Virgil: FAB, Gordon.

Or:

Alan: My strings are in a right tangle! And I'm plunging into the abyss!
Jeff Tracy: Well, do what you can, Alan.
Alan: FAB, father!

You get the idea. FAB means 'Heard and understood'. Or arguably, 'Fabulous'. Apparently the creators of Thunderbirds did confirm that it was just a string of meaningless letters on the lines of OK, and that the letters FAB didn't actually stand for anything - such as '**** And Bugger'. 

Nevertheless, these are two notable FAB connections that may strike a chord with some of the people I will zoom past in 2025. Silently zooming, mind you, because that's how all-electric cars are. 


2 comments:

  1. My father once owned a car with COL 21 but there was never any thought of him passing it on as say a 21st birthday present.

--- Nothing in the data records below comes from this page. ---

(* Let $F : \mathbb{R}^n \to \mathbb{R}^n$ be real analytic and suppose it extends to an entire map $F : \mathbb{C}^n \to \mathbb{C}^n$. If the Koopman operator $\mathcal{K}_F g = g\circ F$ is bounded (with domain all of the space) on the native space of the Gaussian RBF kernel over $\mathbb{R}^n$, then the Koopman operator $\mathcal{K}_F g = g \circ F$ induced by the extended map is bounded on $H_G(\mathbb{C}^n)$.
   Context: The Gaussian RBF kernel on $\mathbb{R}^n$ is $K(x,y) = \exp(-\|x-y\|_2^2/2)$. Its native space is the real RKHS on $\mathbb{R}^n$ with this kernel. $H_G(\mathbb{C}^n)$ denotes the RKHS of entire functions on $\mathbb{C}^n$ with reproducing kernel $K_G(z,w) = \exp\!\left(-\tfrac12 \sum_{j=1}^n (z_j - \overline{w_j})^2\right)$. Equivalently, $H_G(\mathbb{C}^n) = \{ g(z) e^{-\sum_j z_j^2/2} : g \in F^2(\mathbb{C}^n)\}$, where $F^2(\mathbb{C}^n)$ is the Fock space with kernel $e^{\sum_j \overline{w_j} z_j}$. *)

theory Defs
  imports "HOL-Analysis.Analysis"
begin

text \<open>For a positive definite kernel K on a set X, a function f lies in the RKHS H_K iff
  there is C with |sum_i c_i f(x_i)|^2 <= C * || sum_i conj(c_i) K(.,x_i) ||^2 for all finite
  point families and coefficients, and ||f||_{H_K}^2 is the least such C
  (Aronszajn; Saitoh).  Here || sum_i conj(c_i) K(.,x_i) ||^2 = sum_{i,j} conj(c_i) c_j K(x_j,x_i).\<close>

definition rkhs_bound_real :: "('a \<Rightarrow> 'a \<Rightarrow> real) \<Rightarrow> ('a \<Rightarrow> real) \<Rightarrow> real \<Rightarrow> bool" where
  "rkhs_bound_real K f C \<longleftrightarrow> C \<ge> 0 \<and>
     (\<forall>(m::nat) (x::nat \<Rightarrow> 'a) (c::nat \<Rightarrow> real).
        (\<Sum>i<m. c i * f (x i))\<^sup>2 \<le> C * (\<Sum>i<m. \<Sum>j<m. c i * c j * K (x j) (x i)))"

definition rkhs_real :: "('a \<Rightarrow> 'a \<Rightarrow> real) \<Rightarrow> ('a \<Rightarrow> real) set" where
  "rkhs_real K = {f. \<exists>C. rkhs_bound_real K f C}"

definition rkhs_norm_real :: "('a \<Rightarrow> 'a \<Rightarrow> real) \<Rightarrow> ('a \<Rightarrow> real) \<Rightarrow> real" where
  "rkhs_norm_real K f = sqrt (Inf {C. rkhs_bound_real K f C})"

definition rkhs_bound_complex :: "('a \<Rightarrow> 'a \<Rightarrow> complex) \<Rightarrow> ('a \<Rightarrow> complex) \<Rightarrow> real \<Rightarrow> bool" where
  "rkhs_bound_complex K f C \<longleftrightarrow> C \<ge> 0 \<and>
     (\<forall>(m::nat) (x::nat \<Rightarrow> 'a) (c::nat \<Rightarrow> complex).
        (cmod (\<Sum>i<m. c i * f (x i)))\<^sup>2 \<le>
          C * Re (\<Sum>i<m. \<Sum>j<m. cnj (c i) * c j * K (x j) (x i)))"

definition rkhs_complex :: "('a \<Rightarrow> 'a \<Rightarrow> complex) \<Rightarrow> ('a \<Rightarrow> complex) set" where
  "rkhs_complex K = {f. \<exists>C. rkhs_bound_complex K f C}"

definition rkhs_norm_complex :: "('a \<Rightarrow> 'a \<Rightarrow> complex) \<Rightarrow> ('a \<Rightarrow> complex) \<Rightarrow> real" where
  "rkhs_norm_complex K f = sqrt (Inf {C. rkhs_bound_complex K f C})"

definition gauss_kernel :: "real^'n \<Rightarrow> real^'n \<Rightarrow> real" where
  "gauss_kernel x y = exp (- (norm (x - y))\<^sup>2 / 2)"

definition gauss_kernel_C :: "complex^'n \<Rightarrow> complex^'n \<Rightarrow> complex" where
  "gauss_kernel_C z w = exp (- (1/2) * (\<Sum>j\<in>UNIV. (z $ j - cnj (w $ j))\<^sup>2))"

abbreviation "native_gauss \<equiv> rkhs_real gauss_kernel"
abbreviation "H_G \<equiv> rkhs_complex gauss_kernel_C"

definition koopman_bounded_real :: "('a \<Rightarrow> 'a \<Rightarrow> real) \<Rightarrow> ('a \<Rightarrow> 'a) \<Rightarrow> bool" where
  "koopman_bounded_real K F \<longleftrightarrow>
     (\<exists>B. \<forall>g \<in> rkhs_real K. g \<circ> F \<in> rkhs_real K \<and>
            rkhs_norm_real K (g \<circ> F) \<le> B * rkhs_norm_real K g)"

definition koopman_bounded_complex :: "('a \<Rightarrow> 'a \<Rightarrow> complex) \<Rightarrow> ('a \<Rightarrow> 'a) \<Rightarrow> bool" where
  "koopman_bounded_complex K F \<longleftrightarrow>
     (\<exists>B. \<forall>g \<in> rkhs_complex K. g \<circ> F \<in> rkhs_complex K \<and>
            rkhs_norm_complex K (g \<circ> F) \<le> B * rkhs_norm_complex K g)"

definition real_analytic_vec :: "(real^'n \<Rightarrow> real^'m) \<Rightarrow> bool" where
  "real_analytic_vec F \<longleftrightarrow>
     (\<forall>x0. \<exists>r>0. \<exists>a :: ('n \<Rightarrow> nat) \<Rightarrow> real^'m.
        \<forall>y \<in> ball x0 r.
          ((\<lambda>\<alpha>. (\<Prod>i\<in>UNIV. (y $ i - x0 $ i) ^ \<alpha> i) *\<^sub>R a \<alpha>) has_sum F y) UNIV)"

definition entire_vec :: "(complex^'n \<Rightarrow> complex^'m) \<Rightarrow> bool" where
  "entire_vec F \<longleftrightarrow>
     (\<forall>z. \<exists>D. (F has_derivative D) (at z) \<and> (\<forall>(c::complex) v. D (c *s v) = c *s D v))"

definition cvec :: "real^'n \<Rightarrow> complex^'n" where
  "cvec x = (\<chi> i. complex_of_real (x $ i))"

end

theory Submission
  imports Defs "HOL-Complex_Analysis.Cauchy_Integral_Formula"
begin

text \<open>
  A Koopman operator on a reproducing kernel Hilbert space is bounded as soon as its Gram forms
  Q(c, z) = Re (sum i j. cnj (c i) * c j * K (z j) (z i)) are dominated: Q(c, F o z) <= B^2 Q(c, z)
  for all finite families. On the real side this domination follows from the hypothesis by testing
  it against kernel sections (Cauchy-Schwarz); it extends to complex coefficients at real points,
  where the complex Gaussian kernel is real.

  To reach complex points z k = x k + i y k, expand the complex Gaussian kernel in the features
  f_iota z = exp (- z . z / 2) * z_iota, which writes Q(c, z) as
  sum N. 1/N! * sum over |iota| = N of |sum k. c k * f_iota (z k)|^2. Along the line
  s |-> x k + s y k every feature of Fc is entire in s. Its value at s = i is the limit of its
  Taylor polynomials, and each Taylor coefficient is the limit of finite difference quotients at the
  real points 0, h, ..., p h. So the Gram form at complex points is a double limit of Gram forms at
  real points; Cauchy estimates bound the errors uniformly in iota, and the domination survives both
  limits.
\<close>

section \<open>Gram forms and reproducing kernel bounds\<close>

definition gram_form :: "('a \<Rightarrow> 'a \<Rightarrow> real) \<Rightarrow> (nat \<Rightarrow> real) \<Rightarrow> (nat \<Rightarrow> 'a) \<Rightarrow> nat \<Rightarrow> real" where
  "gram_form K c x m = (\<Sum>i<m. \<Sum>j<m. c i * c j * K (x j) (x i))"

He just sold the car and lost the number... There is always the fear that getting a car with an ugly registration will annoy every time you see it, that is how my mind works anyway.

    I guess your xmas present to yourself will not take much wrapping paper.

    ReplyDelete
  2. I was sorry to lose my old Cornish registration plate when I sold Bluebell - so much more subtle than a 'Kernow' sticker. Now, though, I have a Welsh registration, maintaining the 'Celtic Fringe' connexion.

    My first car, a Triumph Herald, had the registration number SUD434. I called it Bubbles.